The Forward has a piece on the Goldstone report that uses as its headline a rather remarkable quote from Judge Goldstone himself: “If This Was a Court Of Law, There Would Have Been Nothing Proven.” That’s quite an important thought to throw into the mix, willy-nilly. Perhaps it would have been more usefully expressed, say, as the subtitle to his report?
The Judge adds:
“Ours wasn’t an investigation, it was a fact-finding mission,” he said, sitting in his Midtown Manhattan office at Fordham University Law School, where he is currently visiting faculty. “We made that clear.” . . .
“If I was advising Israel, I would say have open investigations,” he told the Forward. “In that way, you can put an end to this. It’s in the interest of all the people of Israel that if any of our allegations are established and if they’re criminal, there should be prosecutions. And if they’re false, that should be established.
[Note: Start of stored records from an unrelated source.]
lemma h_Phi1_eq:
  assumes model: "\<forall>R. model = URS R \<longrightarrow> R \<ge> 1" and "n \<ge> 1"
    and single_error: "\<And>lab i. error_sites n lab = {i} \<Longrightarrow> herald_rate U n lab = Hz / real n"
  shows "h_Phi1 model U n = Hz / real n"
proof -
  have "error_sites n (\<lambda>k. if k = i then c else 0) = {i}" if "i < n" "c \<in> error_labels model i" for i c
    using that by (auto simp: error_sites_def error_labels_def)
  then have "h_Phi1 model U n
      = (\<Sum>i<n. \<Sum>c\<in>error_labels model i. Hz / real n / (real n * real (card (error_labels model i))))"
    unfolding h_Phi1_def using single_error by (intro sum.cong) auto
  also have "\<dots> = (\<Sum>i<n. Hz / real n / real n)"
    using card_error_labels_pos[OF model] by (intro sum.cong) (auto simp: card_gt_0_iff)
  also have "\<dots> = Hz / real n"
    using \<open>n \<ge> 1\<close> by simp
  finally show ?thesis .
qed

lemma one_minus_power_second_order:
  fixes \<epsilon> :: real
  assumes "0 \<le> \<epsilon>" "\<epsilon> \<le> 1"
  shows "\<bar>(1 - \<epsilon>) ^ m - (1 - real m * \<epsilon>)\<bar> \<le> (real m * \<epsilon>)\<^sup>2"
proof -
  have term_bounds: "0 \<le> 1 - (1 - \<epsilon>) ^ j \<and> 1 - (1 - \<epsilon>) ^ j \<le> real m * \<epsilon>" if "j < m" for j
  proof -
    have "1 - real j * \<epsilon> \<le> (1 - \<epsilon>) ^ j"
      using Bernoulli_inequality[of "- \<epsilon>" j] assms by simp
    moreover have "real j * \<epsilon> \<le> real m * \<epsilon>"
      using that assms by (intro mult_right_mono) auto
    ultimately show ?thesis
      using assms by (simp add: power_le_one)
  qed
  have "(1 - \<epsilon>) ^ m - (1 - real m * \<epsilon>) = \<epsilon> * (\<Sum>j<m. 1 - (1 - \<epsilon>) ^ j)"
    using one_diff_power_eq[of "1 - \<epsilon>" m] by (simp add: sum_subtractf algebra_simps)
  moreover have "0 \<le> (\<Sum>j<m. 1 - (1 - \<epsilon>) ^ j)"
    using term_bounds by (intro sum_nonneg) auto
  moreover have "(\<Sum>j<m. 1 - (1 - \<epsilon>) ^ j) \<le> of_nat (card {..<m}) * (real m * \<epsilon>)"
    using term_bounds by (intro sum_bounded_above) auto
  ultimately show ?thesis
    using assms by (simp add: abs_mult power2_eq_square mult_left_mono mult.assoc mult.left_commute)
qed
(* Let $G$ be a block graph with at least one edge and let $H$ be a maximal co-interval subgraph of $G$. Then there exist a block $Q$ of $G$ and vertices $u,v\in V(Q)$ (possibly $u=v$) such that $E(H)=E(Q_{u,v}(G))$.
   Context: All graphs are finite and simple. A block of a graph is a maximal connected subgraph that has no cut-vertex of its own; a block graph is a graph in which every block is complete. For a vertex $x$, $N_G(x)$ is its neighbourhood and $\delta_G(x)$ its set of incident edges. For a clique $Q$ in $G$ and $u,v\in V(Q)$, the big ant $Q_{u,v}(G)=\big(V(Q)\cup N_G(u)\cup N_G(v),\ E(Q)\cup\delta_G(u)\cup\delta_G(v)\big)$. A graph $H$ is co-interval if there is a map $I$ from $V(H)$ to closed real intervals with $xy\in E(H)$ iff $I(x)\cap I(y)=\emptyset$ for distinct $x,y$. A co-interval subgraph $H$ of $G$ is maximal if there is no co-interval subgraph $H'$ of $G$ with $E(H)\subsetneq E(H')$ (maximality refers only to edge sets; isolated vertices are disregarded). *)

theory Defs
  imports Complex_Main
begin

type_synonym 'a graph = "'a set \<times> 'a set set"

definition verts :: "'a graph \<Rightarrow> 'a set" where "verts G = fst G"
definition edges :: "'a graph \<Rightarrow> 'a set set" where "edges G = snd G"

definition graph :: "'a graph \<Rightarrow> bool" where
  "graph G \<longleftrightarrow> finite (verts G) \<and>
     (\<forall>e\<in>edges G. \<exists>x y. x \<noteq> y \<and> e = {x, y} \<and> x \<in> verts G \<and> y \<in> verts G)"

definition subgraph :: "'a graph \<Rightarrow> 'a graph \<Rightarrow> bool" where
  "subgraph H G \<longleftrightarrow> graph H \<and> verts H \<subseteq> verts G \<and> edges H \<subseteq> edges G"

definition reachable :: "'a graph \<Rightarrow> 'a \<Rightarrow> 'a \<Rightarrow> bool" where
  "reachable G = (\<lambda>x y. {x, y} \<in> edges G)\<^sup>*\<^sup>*"

definition connected :: "'a graph \<Rightarrow> bool" where
  "connected G \<longleftrightarrow> verts G \<noteq> {} \<and> (\<forall>x\<in>verts G. \<forall>y\<in>verts G. reachable G x y)"

definition delete_vertex :: "'a graph \<Rightarrow> 'a \<Rightarrow> 'a graph" where
  "delete_vertex G x = (verts G - {x}, {e \<in> edges G. x \<notin> e})"

text \<open>A cut-vertex: its removal increases the number of components, i.e. it separates two
  other vertices that were in the same component.\<close>
definition cut_vertex :: "'a graph \<Rightarrow> 'a \<Rightarrow> bool" where
  "cut_vertex G x \<longleftrightarrow> x \<in> verts G \<and>
     (\<exists>y\<in>verts G - {x}. \<exists>z\<in>verts G - {x}. reachable G y z \<and> \<not> reachable (delete_vertex G x) y z)"

definition biconn :: "'a graph \<Rightarrow> bool" where
  "biconn B \<longleftrightarrow> connected B \<and> (\<nexists>x. cut_vertex B x)"

definition block :: "'a graph \<Rightarrow> 'a graph \<Rightarrow> bool" where
  "block G B \<longleftrightarrow> subgraph B G \<and> biconn B \<and>
     (\<forall>B'. subgraph B' G \<and> biconn B' \<and> verts B \<subseteq> verts B' \<and> edges B \<subseteq> edges B' \<longrightarrow> B' = B)"

definition complete :: "'a graph \<Rightarrow> bool" where
  "complete B \<longleftrightarrow> (\<forall>x\<in>verts B. \<forall>y\<in>verts B. x \<noteq> y \<longrightarrow> {x, y} \<in> edges B)"

definition block_graph :: "'a graph \<Rightarrow> bool" where
  "block_graph G \<longleftrightarrow> graph G \<and> (\<forall>B. block G B \<longrightarrow> complete B)"

definition nbhd :: "'a graph \<Rightarrow> 'a \<Rightarrow> 'a set" where
  "nbhd G x = {y. {x, y} \<in> edges G}"

definition incident :: "'a graph \<Rightarrow> 'a \<Rightarrow> 'a set set" where
  "incident G x = {e \<in> edges G. x \<in> e}"

definition big_ant :: "'a graph \<Rightarrow> 'a graph \<Rightarrow> 'a \<Rightarrow> 'a \<Rightarrow> 'a graph" where
  "big_ant G Q u v = (verts Q \<union> nbhd G u \<union> nbhd G v, edges Q \<union> incident G u \<union> incident G v)"

definition co_interval :: "'a graph \<Rightarrow> bool" where
  "co_interval H \<longleftrightarrow> (\<exists>I :: 'a \<Rightarrow> real set.
     (\<forall>x\<in>verts H. \<exists>a b. a \<le> b \<and> I x = {a..b}) \<and>
     (\<forall>x\<in>verts H. \<forall>y\<in>verts H. x \<noteq> y \<longrightarrow> ({x, y} \<in> edges H \<longleftrightarrow> I x \<inter> I y = {})))"

definition max_co_interval_subgraph :: "'a graph \<Rightarrow> 'a graph \<Rightarrow> bool" where
  "max_co_interval_subgraph G H \<longleftrightarrow> subgraph H G \<and> co_interval H \<and>
     (\<nexists>H'. subgraph H' G \<and> co_interval H' \<and> edges H \<subset> edges H')"

end

theory Submission
  imports Defs
begin

(* Let H have an interval model with endpoints l x \<le> r x, let p be a vertex whose interval
   ends first and q one whose interval starts last. Every edge x y of H with r x < l y then
   has x = p, or y = q, or p y and x q are edges of H as well; in the last case q x y p is a
   path in G between the two vertices p, q of the block Q containing the edge p q, so x y is an
   edge of Q. Hence E(H) is contained in the big ant Q_{p,q}(G). Conversely every big ant on a
   clique is co-interval (put p rightmost, q leftmost and the clique in between), so
   maximality of H gives equality. *)

lemma reachable_refl: "reachable G x x"
  unfolding reachable_def by simp

lemma reachable_edge: "{x, y} \<in> edges G \<Longrightarrow> reachable G x y"
  unfolding reachable_def by auto

lemma reachable_trans: "reachable G x y \<Longrightarrow> reachable G y z \<Longrightarrow> reachable G x z"
  unfolding reachable_def by simp

lemma reachable_sym: "reachable G x y \<Longrightarrow> reachable G y x"
proof -
  have "symp (\<lambda>x y. {x, y} \<in> edges G)"
    by (auto intro: sympI simp: insert_commute)
  then show "reachable G x y \<Longrightarrow> reachable G y x"
    unfolding reachable_def by (meson symp_rtranclp sympD)
qed

lemma reachable_mono: "edges G \<subseteq> edges G' \<Longrightarrow> reachable G x y \<Longrightarrow> reachable G' x y"
  unfolding reachable_def by (metis (mono_tags, lifting) mono_rtranclp subsetD)

lemma graph_edgeE:
  assumes "graph G" "e \<in> edges G"
  obtains x y where "x \<noteq> y" "e = {x, y}" "x \<in> verts G" "y \<in> verts G"
  using assms unfolding graph_def by blast

lemma graph_edges_nonemptyE:
  assumes "graph G" "edges G \<noteq> {}"
  obtains x y where "x \<noteq> y" "{x, y} \<in> edges G" "x \<in> verts G" "y \<in> verts G"
proof -
  obtain e where "e \<in> edges G"
    using assms(2) by blast
  with assms(1) show ?thesis
    by (metis graph_edgeE that)
qed

lemma graph_edge_subset: "graph G \<Longrightarrow> e \<in> edges G \<Longrightarrow> e \<subseteq> verts G"
  by (auto elim: graph_edgeE)

lemma finite_edges: "graph G \<Longrightarrow> finite (edges G)"
  by (rule finite_subset[of _ "Pow (verts G)"]) (auto simp: graph_def dest: graph_edge_subset)

lemma edges_delete_vertex: "edges (delete_vertex G z) = {e \<in> edges G. z \<notin> e}"
  by (simp add: delete_vertex_def edges_def)

lemma reachable_delete_vertex_edge:
  "{x, y} \<in> edges G \<Longrightarrow> z \<noteq> x \<Longrightarrow> z \<noteq> y \<Longrightarrow> reachable (delete_vertex G z) x y"
  by (rule reachable_edge) (simp add: edges_delete_vertex)

lemma reachable_delete_vertex_mono:
  "edges G \<subseteq> edges G' \<Longrightarrow> reachable (delete_vertex G z) x y \<Longrightarrow> reachable (delete_vertex G' z) x y"
  by (erule reachable_mono[rotated]) (auto simp: edges_delete_vertex)

lemma biconn_reachable_delete_vertex:
  assumes "graph B" "biconn B" "x \<in> verts B - {z}" "y \<in> verts B - {z}"
  shows "reachable (delete_vertex B z) x y"
proof -
  have "reachable B x y"
    using assms(2-4) by (auto simp: biconn_def Defs.connected_def)
  show ?thesis
  proof (cases "z \<in> verts B")
    case True
    with assms \<open>reachable B x y\<close> show ?thesis by (auto simp: biconn_def cut_vertex_def)
  next
    case False
    then have "edges (delete_vertex B z) = edges B"
      using graph_edge_subset[OF assms(1)] by (auto simp: edges_delete_vertex)
    with \<open>reachable B x y\<close> show ?thesis by (simp add: reachable_def)
  qed
qed

lemma biconn_extend:
  assumes "graph B" "biconn B" "verts B \<subseteq> verts B'" "edges B \<subseteq> edges B'"
    and attached: "\<And>z w. z \<in> verts B' \<Longrightarrow> w \<in> verts B' - {z} \<Longrightarrow>
      \<exists>b\<in>verts B - {z}. reachable (delete_vertex B' z) w b"
  shows "biconn B'"
proof -
  have reach_inside: "reachable (delete_vertex B' z) w1 w2"
    if w: "z \<in> verts B'" "w1 \<in> verts B' - {z}" "w2 \<in> verts B' - {z}" for z w1 w2
  proof -
    obtain b1 b2 where b: "b1 \<in> verts B - {z}" "b2 \<in> verts B - {z}"
      and r: "reachable (delete_vertex B' z) w1 b1" "reachable (delete_vertex B' z) w2 b2"
      using attached w by meson
    have "reachable (delete_vertex B' z) b1 b2"
      by (rule reachable_delete_vertex_mono[OF assms(4) biconn_reachable_delete_vertex[OF assms(1,2) b]])
    then show ?thesis
      using r by (meson reachable_sym reachable_trans)
  qed
  have cB: "connected B"
    using assms(2) by (simp add: biconn_def)
  have reach_B: "\<exists>b\<in>verts B. reachable B' w b" if "w \<in> verts B'" for w
  proof (cases "w \<in> verts B")
    case True
    then show ?thesis by (blast intro: reachable_refl)
  next
    case False
    obtain b0 where "b0 \<in> verts B"
      using cB by (auto simp: Defs.connected_def)
    with False attached[of b0 w] assms(3) that obtain b where "b \<in> verts B"
      "reachable (delete_vertex B' b0) w b"
      by blast
    moreover have "edges (delete_vertex B' b0) \<subseteq> edges B'"
      by (auto simp: edges_delete_vertex)
    ultimately show ?thesis
      by (blast intro: reachable_mono)
  qed
  have "connected B'"
    unfolding Defs.connected_def
  proof (intro conjI ballI)
    show "verts B' \<noteq> {}"
      using cB assms(3) by (auto simp: Defs.connected_def)
    fix w1 w2 assume "w1 \<in> verts B'" "w2 \<in> verts B'"
    then obtain b1 b2 where b: "b1 \<in> verts B" "b2 \<in> verts B"
      and r: "reachable B' w1 b1" "reachable B' w2 b2"
      using reach_B by meson
    have "reachable B b1 b2"
      using cB b by (simp add: Defs.connected_def)
    then have "reachable B' b1 b2"
      by (rule reachable_mono[OF assms(4)])
    with r show "reachable B' w1 w2"
      by (meson reachable_sym reachable_trans)
  qed
  moreover have "\<not> cut_vertex B' z" for z
    using reach_inside unfolding cut_vertex_def by blast
  ultimately show ?thesis
    by (simp add: biconn_def)
qed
And I wouldn’t consider it in any way embarrassing if many of the allegations turn out to be disproved.” [emphasis added]
So let’s get this straight: Judge Goldstone led a “fact-finding mission” to Gaza and then produced a 575-page report that contains “nothing” that could be “proven in a court of law.” It may not contain facts, in other words. Despite his lack of confidence in his own claims, he insists that “the burden is now on Israel to counter these findings through its own probe” — “these findings” being his charge that the IDF intentionally killed civilians and committed sundry war crimes.
It is good to see that Judge Goldstone is living up to the highest standards of the UN Human Rights Council, which appointed him. We have now emerged on the other side of the rabbit hole.